Subsurface analytics: Contribution of artificial intelligence and machine learning to reservoir engineering, reservoir modeling, and reservoir management
Petroleum & Natural Gas Engineering, West Virginia University, Morgantown, WV 26506, USA
Corresponding authors:
Received: 2020-02-18 Revised: 2020-03-31 Online: 2020-04-15
Cite this article
MOHAGHEGH Shahab D..
Introduction
Traditional Numerical Reservoir Simulation has been contributing to the oil and gas industry for decades. The current state of this technology is the result of decades of research and development by a large number of engineers and scientists. Starting in the late 1960s and early 1970s, advances in computer hardware along with development and adaptation of clever algorithms resulted in a paradigm shift in reservoir studies moving them from simplified analogs and analytical solution methods to more mathematically robust computational and numerical solution models.

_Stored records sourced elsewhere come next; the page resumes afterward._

(* Let $S$ be a finite set of endomorphisms of $\mathbb{P}^N$, all of degree at least $2$, let $C_S:=\max\{\sup_{\phi\in S}C(\phi),1\}$, let $K/\mathbb{Q}$ be a finite extension over which every map in $S$ is defined, let $P\in\mathbb{P}^N(K)$, and let $F_{P,S}:=\{Q\in\mathrm{Orb}_S(P):h(Q)\leq 2C_S\}$. Then $\phi(\mathrm{Orb}_S(P)\setminus F_{P,S})\subseteq\mathrm{Orb}_S(P)\setminus F_{P,S}$ for all $\phi\in S$.
   Context: $h$ is the absolute Weil height on $\mathbb{P}^N(\overline{\mathbb{Q}})$. For an endomorphism $\phi$ of degree $d_\phi$, $C(\phi)=\sup_{Q\in\mathbb{P}^N(\overline{\mathbb{Q}})}|h(\phi(Q))-d_\phi h(Q)|$. $\mathrm{Orb}_S(P)=\{\rho(P):\rho\in M_S\}$, where $M_S$ is the monoid of the identity and all finite compositions of elements of $S$. *)

theory Defs
  imports Complex_Main "HOL-Computational_Algebra.Polynomial" "HOL-Library.Extended_Real"
begin

text \<open>A representative of a point of P^N(Qbar): a nonzero vector (x_0,...,x_N) of
  algebraic numbers, encoded as a function nat => complex vanishing beyond N.\<close>
definition qbar_vec :: "nat \<Rightarrow> (nat \<Rightarrow> complex) \<Rightarrow> bool" where
  "qbar_vec N x \<longleftrightarrow> (\<forall>i\<le>N. algebraic (x i)) \<and> (\<forall>i>N. x i = 0) \<and> (\<exists>i\<le>N. x i \<noteq> 0)"

definition proj_class :: "nat \<Rightarrow> (nat \<Rightarrow> complex) \<Rightarrow> (nat \<Rightarrow> complex) set" where
  "proj_class N x = {y. qbar_vec N y \<and> (\<exists>c. c \<noteq> 0 \<and> (\<forall>i. y i = c * x i))}"

definition PN :: "nat \<Rightarrow> (nat \<Rightarrow> complex) set set" where
  "PN N = {proj_class N x | x. qbar_vec N x}"

definition rat_span :: "complex set \<Rightarrow> complex set" where
  "rat_span B = {(\<Sum>b\<in>B. of_rat (q b) * b) | q. True}"

definition number_field :: "complex set \<Rightarrow> bool" where
  "number_field K \<longleftrightarrow> 0 \<in> K \<and> 1 \<in> K \<and>
     (\<forall>a\<in>K. \<forall>b\<in>K. a + b \<in> K \<and> a * b \<in> K) \<and>
     (\<forall>a\<in>K. - a \<in> K) \<and> (\<forall>a\<in>K. a \<noteq> 0 \<longrightarrow> inverse a \<in> K) \<and>
     (\<exists>B. finite B \<and> B \<subseteq> K \<and> K = rat_span B)"

definition field_degree :: "complex set \<Rightarrow> nat" where
  "field_degree K = (LEAST n. \<exists>B. finite B \<and> B \<subseteq> K \<and> card B = n \<and> K = rat_span B)"

text \<open>Field embeddings K -> C (extended by 0 outside K, so that they are unique as functions).\<close>
definition embeddings :: "complex set \<Rightarrow> (complex \<Rightarrow> complex) set" where
  "embeddings K = {\<sigma>. (\<forall>a\<in>K. \<forall>b\<in>K. \<sigma> (a + b) = \<sigma> a + \<sigma> b \<and> \<sigma> (a * b) = \<sigma> a * \<sigma> b)
      \<and> \<sigma> 1 = 1 \<and> (\<forall>z. z \<notin> K \<longrightarrow> \<sigma> z = 0)}"

definition ring_of_integers :: "complex set \<Rightarrow> complex set" where
  "ring_of_integers K = {z \<in> K. algebraic_int z}"

definition coord_ideal :: "complex set \<Rightarrow> nat \<Rightarrow> (nat \<Rightarrow> complex) \<Rightarrow> complex set" where
  "coord_ideal K N x = {(\<Sum>i\<le>N. a i * x i) | a. \<forall>i\<le>N. a i \<in> ring_of_integers K}"

definition ideal_norm :: "complex set \<Rightarrow> complex set \<Rightarrow> nat" where
  "ideal_norm K I = card ((\<lambda>a. {a + b | b. b \<in> I}) ` ring_of_integers K)"

text \<open>The archimedean places are accounted for by the embeddings (complex places twice, i.e. n_v = 2),
  and the non-archimedean contribution sum_v n_v log max_i |x_i|_v equals - log N(ideal).\<close>
definition weil_height_K :: "complex set \<Rightarrow> nat \<Rightarrow> (nat \<Rightarrow> complex) \<Rightarrow> real" where
  "weil_height_K K N x =
     ((\<Sum>\<sigma>\<in>embeddings K. ln (Max ((\<lambda>i. cmod (\<sigma> (x i))) ` {..N})))
       - ln (real (ideal_norm K (coord_ideal K N x)))) / real (field_degree K)"

text \<open>Absolute Weil height of a point of P^N(Qbar), computed from any integral representative
  and any number field containing its coordinates (the value is independent of these choices).\<close>
definition weil_height :: "nat \<Rightarrow> (nat \<Rightarrow> complex) set \<Rightarrow> real" where
  "weil_height N Q =
     (let x = (SOME x. x \<in> Q \<and> (\<forall>i\<le>N. algebraic_int (x i)));
          K = (SOME K. number_field K \<and> (\<forall>i\<le>N. x i \<in> K))
      in weil_height_K K N x)"

definition point_over :: "nat \<Rightarrow> complex set \<Rightarrow> (nat \<Rightarrow> complex) set \<Rightarrow> bool" where
  "point_over N K Q \<longleftrightarrow> (\<exists>x\<in>Q. \<forall>i\<le>N. x i \<in> K)"

definition hmonos :: "nat \<Rightarrow> nat \<Rightarrow> (nat \<Rightarrow> nat) set" where
  "hmonos N d = {e. (\<forall>i>N. e i = 0) \<and> (\<Sum>i\<le>N. e i) = d}"

text \<open>A homogeneous polynomial of degree d is a coefficient function on hmonos N d.\<close>
definition hpoly_eval :: "nat \<Rightarrow> nat \<Rightarrow> ((nat \<Rightarrow> nat) \<Rightarrow> complex) \<Rightarrow> (nat \<Rightarrow> complex) \<Rightarrow> complex" where
  "hpoly_eval N d c x = (\<Sum>e\<in>hmonos N d. c e * (\<Prod>i\<le>N. x i ^ e i))"

text \<open>An endomorphism of degree d: a tuple (F_0,...,F_N) of homogeneous polynomials of degree d
  with algebraic coefficients and no common nontrivial zero in Qbar^(N+1).\<close>
type_synonym endo = "nat \<times> (nat \<Rightarrow> (nat \<Rightarrow> nat) \<Rightarrow> complex)"

definition endo_deg :: "endo \<Rightarrow> nat" where
  "endo_deg \<phi> = fst \<phi>"

definition is_endo :: "nat \<Rightarrow> endo \<Rightarrow> bool" where
  "is_endo N \<phi> \<longleftrightarrow> (let d = fst \<phi>; F = snd \<phi> in
     (\<forall>i e. algebraic (F i e)) \<and> (\<forall>i e. e \<notin> hmonos N d \<longrightarrow> F i e = 0) \<and>
     (\<forall>i>N. \<forall>e. F i e = 0) \<and>
     (\<forall>x. qbar_vec N x \<longrightarrow> (\<exists>i\<le>N. hpoly_eval N d (F i) x \<noteq> 0)))"

definition endo_over :: "complex set \<Rightarrow> endo \<Rightarrow> bool" where
  "endo_over K \<phi> \<longleftrightarrow> (\<exists>c. c \<noteq> 0 \<and> (\<forall>i e. c * snd \<phi> i e \<in> K))"

definition endo_app :: "nat \<Rightarrow> endo \<Rightarrow> (nat \<Rightarrow> complex) set \<Rightarrow> (nat \<Rightarrow> complex) set" where
  "endo_app N \<phi> Q = proj_class N
     (\<lambda>i. if i \<le> N then hpoly_eval N (fst \<phi>) (snd \<phi> i) (SOME x. x \<in> Q) else 0)"

definition height_const :: "nat \<Rightarrow> endo \<Rightarrow> ereal" where
  "height_const N \<phi> = (SUP Q\<in>PN N.
      ereal \<bar>weil_height N (endo_app N \<phi> Q) - real (endo_deg \<phi>) * weil_height N Q\<bar>)"

definition height_const_set :: "nat \<Rightarrow> endo set \<Rightarrow> ereal" where
  "height_const_set N S = max (SUP \<phi>\<in>S. height_const N \<phi>) 1"

inductive_set comp_monoid :: "nat \<Rightarrow> endo set \<Rightarrow> ((nat \<Rightarrow> complex) set \<Rightarrow> (nat \<Rightarrow> complex) set) set"
  for N S where
  id_in: "id \<in> comp_monoid N S"
| comp_in: "\<rho> \<in> comp_monoid N S \<Longrightarrow> \<phi> \<in> S \<Longrightarrow> (endo_app N \<phi> \<circ> \<rho>) \<in> comp_monoid N S"

definition orbit :: "nat \<Rightarrow> endo set \<Rightarrow> (nat \<Rightarrow> complex) set \<Rightarrow> (nat \<Rightarrow> complex) set set" where
  "orbit N S P = {\<rho> P | \<rho>. \<rho> \<in> comp_monoid N S}"

definition small_orbit :: "nat \<Rightarrow> endo set \<Rightarrow> (nat \<Rightarrow> complex) set \<Rightarrow> (nat \<Rightarrow> complex) set set" where
  "small_orbit N S P = {Q \<in> orbit N S P. ereal (weil_height N Q) \<le> 2 * height_const_set N S}"

end

theory Submission
  imports Defs "HOL-Algebra.Algebraic_Closure_Type"
begin

text \<open>If \<open>h(Q) > 2 C\<^sub>S\<close> and \<open>\<phi> \<in> S\<close>, then
  \<open>h(\<phi>(Q)) \<ge> d\<^sub>\<phi> h(Q) - C\<^sub>S \<ge> 2 h(Q) - C\<^sub>S > h(Q) + C\<^sub>S > 2 C\<^sub>S\<close>;
  if \<open>C\<^sub>S = \<infinity>\<close> there is no such \<open>Q\<close>. Only this height inequality is used. The one technical point is that orbit points
  lie in \<open>P\<^sup>N(Qbar)\<close> again, i.e. that polynomial expressions in algebraic numbers are
  algebraic.\<close>

text \<open>Closure of the algebraic numbers under \<open>+\<close> and \<open>*\<close> is only available in HOL-Algebra,
  whose polynomials are coefficient lists with the leading coefficient first; it is transported
  to \<open>algebraic\<close> on \<open>\<complex>\<close> through the field structure of the type.\<close>

abbreviation complex_ring :: "complex ring" where
  "complex_ring \<equiv> ring_of_type_algebra"

lemma complex_ring_simps [simp]:
  "carrier complex_ring = UNIV" "mult complex_ring = (*)" "one complex_ring = 1"
  "zero complex_ring = 0" "add complex_ring = (+)"
  by (simp_all add: ring_of_type_algebra_def)

lemma field_complex_ring: "field complex_ring"
  by (rule field_from_type_algebra)

interpretation complex_ring: domain complex_ring
  using field_complex_ring by (rule field.axioms(1))

lemma complex_ring_nat_pow [simp]: "x [^]\<^bsub>complex_ring\<^esub> (n::nat) = x ^ n"
  by (induction n) simp_all

lemma complex_ring_eval: "complex_ring.eval p x = poly (Poly (rev p)) x"
  by (induction p) (simp_all add: Poly_append poly_monom algebra_simps)
lemma mem_if_mult_eq_one_plus:
  assumes "s \<in> T" and "m \<in> T" and "s * g = 1 + m"
  shows "g \<in> T"
proof -
  obtain N where N: "of_nat N - s \<in> T"
    using of_nat_bounds by blast
  define e where "e = u ^ N"
  have "of_nat n ^ N - s = of_nat (n ^ N - N) + (of_nat N - s)"
    using le_n_power by (simp add: of_nat_diff)
  then have n_power_minus_s: "of_nat n ^ N - s \<in> T"
    using N of_nat_mem add_mem by metis
  have step: "g + of_nat R * e \<in> T" if "g + of_nat (Suc R) * e \<in> T" for R
  proof -
    define r where "r = of_nat (Suc R) * e"
    have r: "r \<in> T"
      unfolding r_def e_def using of_nat_mem power_mem u_mem mult_mem by blast
    have "e * (m + (of_nat n ^ N - s) * (g + r) + s * r) = (of_nat n ^ N * e) * (g + r) - e * (s * g - m)"
      by (simp add: algebra_simps)
    also have "\<dots> = g + of_nat R * e"
      unfolding assms(3) e_def of_nat_n_power_mult_u_power r_def by (simp add: algebra_simps)
    moreover have "g + r \<in> T"
      using that unfolding r_def .
    then have "e * (m + (of_nat n ^ N - s) * (g + r) + s * r) \<in> T"
      unfolding e_def
      by (intro mult_mem[OF power_mem[OF u_mem]] add_mem[OF add_mem[OF assms(2)]]
          mult_mem[OF n_power_minus_s] mult_mem[OF assms(1) r])
    ultimately show ?thesis
      by simp
  qed
  have descend: "g + of_nat R * e \<in> T \<Longrightarrow> g \<in> T" for R
    by (induction R) (simp_all add: step)
  obtain R where R: "of_nat R + g \<in> T"
    using of_nat_bounds by blast
  have "of_nat R + g = g + of_nat (R * n ^ N) * e"
    using of_nat_n_power_mult_u_power[of N] unfolding e_def by (simp add: algebra_simps)
  then have "g + of_nat (R * n ^ N) * e \<in> T"
    using R by (simp only:)
  then show ?thesis
    by (rule descend)
qed

theorem mem_if_positive:
  assumes "\<forall>\<phi>\<in>positive_homs T. 0 < \<phi> g"
  shows "g \<in> T"
  using exists_mult_eq_one_plus[OF assms] mem_if_mult_eq_one_plus by blast

end

section \<open>The local-global principle\<close>

definition dominates :: "'a::comm_ring_1 set \<Rightarrow> nat \<Rightarrow> 'a \<Rightarrow> 'a \<Rightarrow> bool" where
  "dominates T B p q \<longleftrightarrow> (\<forall>\<phi>\<in>positive_homs T. real B * \<bar>\<phi> q\<bar> < \<phi> p)"

lemma dominates_mono:
  assumes "B \<le> B'" and "dominates T B' p q"
  shows "dominates T B p q"
proof -
  have "real B * \<bar>\<phi> q\<bar> \<le> real B' * \<bar>\<phi> q\<bar>" for \<phi> :: "'a \<Rightarrow> real"
    using assms(1) by (simp add: mult_right_mono)
  with assms(2) show ?thesis
    unfolding dominates_def by (meson order.strict_trans1)
qed

lemma sum_power_ge:
  fixes \<gamma> :: real
  assumes "0 \<le> \<gamma>" and "\<gamma> \<le> 1"
  shows "1 + real k * \<gamma> ^ Suc k \<le> (\<Sum>i<Suc k. \<gamma> ^ i)"
proof (induction k)
  case (Suc k)
  have "\<gamma> ^ Suc (Suc k) \<le> \<gamma> ^ Suc k"
    using assms by (simp add: mult_left_le_one_le)
  then have "real k * \<gamma> ^ Suc (Suc k) \<le> real k * \<gamma> ^ Suc k"
    by (rule mult_left_mono) simp
  with \<open>\<gamma> ^ Suc (Suc k) \<le> \<gamma> ^ Suc k\<close>
  have "1 + real (Suc k) * \<gamma> ^ Suc (Suc k) \<le> 1 + real k * \<gamma> ^ Suc k + \<gamma> ^ Suc k"
    by (simp add: algebra_simps)
  also have "\<dots> \<le> (\<Sum>i<Suc (Suc k). \<gamma> ^ i)"
    using Suc.IH by simp
  finally show ?case .
qed simp

context archimedean_semiring_frac
begin

(* p and q come from the geometric series of g = 1 - s / n^N, which lies in [0, 1] at every
  character once n^N bounds s. *)
lemma exists_dominant_combination:
  assumes nonneg: "\<forall>\<phi>\<in>positive_homs T. 0 \<le> \<phi> s"
  shows "\<exists>p q. p * s + q = 1 \<and> dominates T B p q"
proof -
  obtain N where N: "of_nat N + s \<in> T" "of_nat N - s \<in> T"
    using of_nat_bounds by blast
  define c where "c = u ^ N"
  define g where "g = 1 - c * s"
  define K where "K = B * n ^ N"
  define p where "p = c * (\<Sum>i<Suc K. g ^ i)"
  define q where "q = g ^ Suc K"
  have "p * s = (1 - g) * (\<Sum>i<Suc K. g ^ i)"
    unfolding p_def g_def by (simp add: algebra_simps)
  also have "\<dots> = 1 - q"
    unfolding q_def by (rule one_diff_power_eq[symmetric])
  finally have "p * s + q = 1"
    by simp
  moreover have "real B * \<bar>\<phi> q\<bar> < \<phi> p" if \<phi>: "\<phi> \<in> positive_homs T" for \<phi>
  proof -
    interpret h: real_ring_hom \<phi>
      using \<phi> by (rule positive_homsD)
    define d where "d = real n ^ N"
    have d_pos: "0 < d"
      unfolding d_def by (rule n_power_pos)
    have "\<phi> s \<le> real N"
      using positive_hom_abs_le[OF \<phi> N] by simp
    also have "real N \<le> d"
      unfolding d_def using le_n_power by (metis of_nat_le_iff of_nat_power)
    finally have "\<phi> s \<le> d" .
    have "\<phi> c = 1 / d"
      unfolding c_def d_def by (rule additive_u_power[OF h.additive_axioms h.one])
    define \<gamma> where "\<gamma> = \<phi> g"
    have \<gamma>: "\<gamma> = 1 - \<phi> s / d"
      unfolding \<gamma>_def g_def using \<open>\<phi> c = 1 / d\<close> by (simp add: h.diff h.mult h.one)
    have "0 \<le> \<gamma>" and "\<gamma> \<le> 1"
      unfolding \<gamma> using \<open>\<phi> s \<le> d\<close> d_pos nonneg \<phi> by simp_all
    have "\<phi> q = \<gamma> ^ Suc K"
      unfolding q_def \<gamma>_def by (rule h.power)
    have "\<phi> p = (\<Sum>i<Suc K. \<gamma> ^ i) / d"
      unfolding p_def \<gamma>_def h.mult h.sum h.power \<open>\<phi> c = 1 / d\<close> by simp
    also have "\<dots> \<ge> (1 + real K * \<gamma> ^ Suc K) / d"
      using sum_power_ge[OF \<open>0 \<le> \<gamma>\<close> \<open>\<gamma> \<le> 1\<close>] d_pos by (simp add: divide_right_mono)
    also have "(1 + real K * \<gamma> ^ Suc K) / d = 1 / d + real B * \<gamma> ^ Suc K"
      unfolding K_def d_def using n_power_pos[of N] by (simp add: field_simps)
    finally have "1 / d + real B * \<gamma> ^ Suc K \<le> \<phi> p" .
    moreover have "0 < 1 / d"
      using d_pos by simp
    moreover have "\<bar>\<phi> q\<bar> = \<gamma> ^ Suc K"
      using \<open>\<phi> q = \<gamma> ^ Suc K\<close> \<open>0 \<le> \<gamma>\<close> by simp
    ultimately show ?thesis
      by (simp only:)
  qed
  ultimately show ?thesis
    unfolding dominates_def by blast
qed

definition absorbed :: "'a set \<Rightarrow> 'a set" where
  "absorbed S = {x. \<exists>s\<in>S. \<exists>B. \<forall>p q. dominates T B p q \<longrightarrow> p * s + q * x \<in> S}"

(* This is where Kadison-Dubois enters: if p dominates q, then p + q is in T. *)
lemma subset_absorbed:
  assumes S: "is_T_module T S"
  shows "S \<subseteq> absorbed S"
proof
  fix s assume "s \<in> S"
  have "p * s + q * s \<in> S" if dom: "dominates T 1 p q" for p q
  proof -
    have "p + q \<in> T"
    proof (rule mem_if_positive, intro ballI)
      fix \<phi> assume \<phi>: "\<phi> \<in> positive_homs T"
      interpret h: real_ring_hom \<phi>
        using \<phi> by (rule positive_homsD)
      show "0 < \<phi> (p + q)"
        using dom \<phi> unfolding dominates_def by (auto simp: h.add)
    qed
    then have "(p + q) * s \<in> S"
      using \<open>s \<in> S\<close> by (rule is_T_moduleD(3)[OF S])
    then show ?thesis
      by (simp add: distrib_right)
  qed
  then show "s \<in> absorbed S"
    unfolding absorbed_def using \<open>s \<in> S\<close> by blast
qed

lemma absorbed_add:
  assumes S: "is_T_module T S" and "x \<in> absorbed S" and "y \<in> absorbed S"
  shows "x + y \<in> absorbed S"
proof -
  obtain s B where s: "s \<in> S" and B: "\<And>p q. dominates T B p q \<Longrightarrow> p * s + q * x \<in> S"
    using assms(2) unfolding absorbed_def by blast
  obtain s' B' where s': "s' \<in> S" and B': "\<And>p q. dominates T B' p q \<Longrightarrow> p * s' + q * y \<in> S"
    using assms(3) unfolding absorbed_def by blast
  have "p * (s + s') + q * (x + y) \<in> S" if "dominates T (max B B') p q" for p q
  proof -
    have "p * s + q * x \<in> S" and "p * s' + q * y \<in> S"
      using that by (auto intro!: B B' elim: dominates_mono[rotated])
    then have "(p * s + q * x) + (p * s' + q * y) \<in> S"
      by (rule is_T_moduleD(2)[OF S])
    then show ?thesis
      by (simp add: algebra_simps)
  qed
  moreover have "s + s' \<in> S"
    using is_T_moduleD(2)[OF S s s'] .
  ultimately show ?thesis
    unfolding absorbed_def by blast
qed

lemma absorbed_mult:
  assumes "x \<in> absorbed S"
  shows "a * x \<in> absorbed S"
proof -
  obtain s B where s: "s \<in> S" and B: "\<And>p q. dominates T B p q \<Longrightarrow> p * s + q * x \<in> S"
    using assms unfolding absorbed_def by blast
  obtain N where N: "of_nat N + a \<in> T" "of_nat N - a \<in> T"
    using of_nat_bounds by blast
  have "p * s + q * (a * x) \<in> S" if dom: "dominates T (B * N) p q" for p q
  proof -
    have "real B * \<bar>\<phi> (q * a)\<bar> < \<phi> p" if \<phi>: "\<phi> \<in> positive_homs T" for \<phi>
    proof -
      interpret h: real_ring_hom \<phi>
        using \<phi> by (rule positive_homsD)
      have "real B * \<bar>\<phi> (q * a)\<bar> = real B * \<bar>\<phi> q\<bar> * \<bar>\<phi> a\<bar>"
        by (simp add: h.mult abs_mult)
      also have "\<dots> \<le> real B * \<bar>\<phi> q\<bar> * real N"
        using positive_hom_abs_le[OF \<phi> N] by (simp add: mult_left_mono)
      also have "\<dots> < \<phi> p"
        using dom \<phi> unfolding dominates_def by (simp add: algebra_simps)
      finally show ?thesis .
    qed
    then have "p * s + (q * a) * x \<in> S"
      by (intro B) (simp add: dominates_def)
    then show ?thesis
      by (simp add: mult.assoc)
  qed
  then show ?thesis
    unfolding absorbed_def using s by blast
qed

lemma one_mem_if_not_subset_maximal_ideal:
  assumes S: "is_T_module T S"
    and nonneg: "\<forall>s\<in>S. \<forall>\<phi>\<in>positive_homs T. 0 \<le> \<phi> s"
    and not_subset: "\<forall>M. maximal_ideal M \<longrightarrow> \<not> S \<subseteq> M"
  shows "1 \<in> S"
proof -
  have "0 \<in> absorbed S"
    using subset_absorbed[OF S] is_T_moduleD(1)[OF S] by blast
  then have ideal: "is_ideal (absorbed S)"
    unfolding is_ideal_def using absorbed_add[OF S] absorbed_mult by blast
  have "1 \<in> absorbed S"
  proof (rule ccontr)
    assume "1 \<notin> absorbed S"
    then obtain M where "maximal_ideal M" and "absorbed S \<subseteq> M"
      using exists_maximal_ideal_superset[OF ideal] by blast
    then show False
      using not_subset subset_absorbed[OF S] by blast
  qed
  then obtain s B where "s \<in> S" and B: "\<And>p q. dominates T B p q \<Longrightarrow> p * s + q * 1 \<in> S"
    unfolding absorbed_def by blast
  obtain p q where "p * s + q = 1" and "dominates T B p q"
    using exists_dominant_combination nonneg \<open>s \<in> S\<close> by blast
  then show ?thesis
    using B[where p = p and q = q] by simp
qed

end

The new computational paradigm overcame the mathematical limitations of the analytical solution methods. It introduced a more realistic solution when compared to the simple analog models such as CRMs (Capacitance-Resistance Modeling introduced to the oil industry in 1943 by W. A. Bruce)[1]. Complex, second order, non-linear partial differential equations that governs fluid flow in the porous media were solved numerically at speeds that were unthinkable just a few years before[2]. Today, the capabilities of this technology to model reservoirs is hardly contested. It is now a widely accepted technology among engineers and scientists in the oil and gas industry.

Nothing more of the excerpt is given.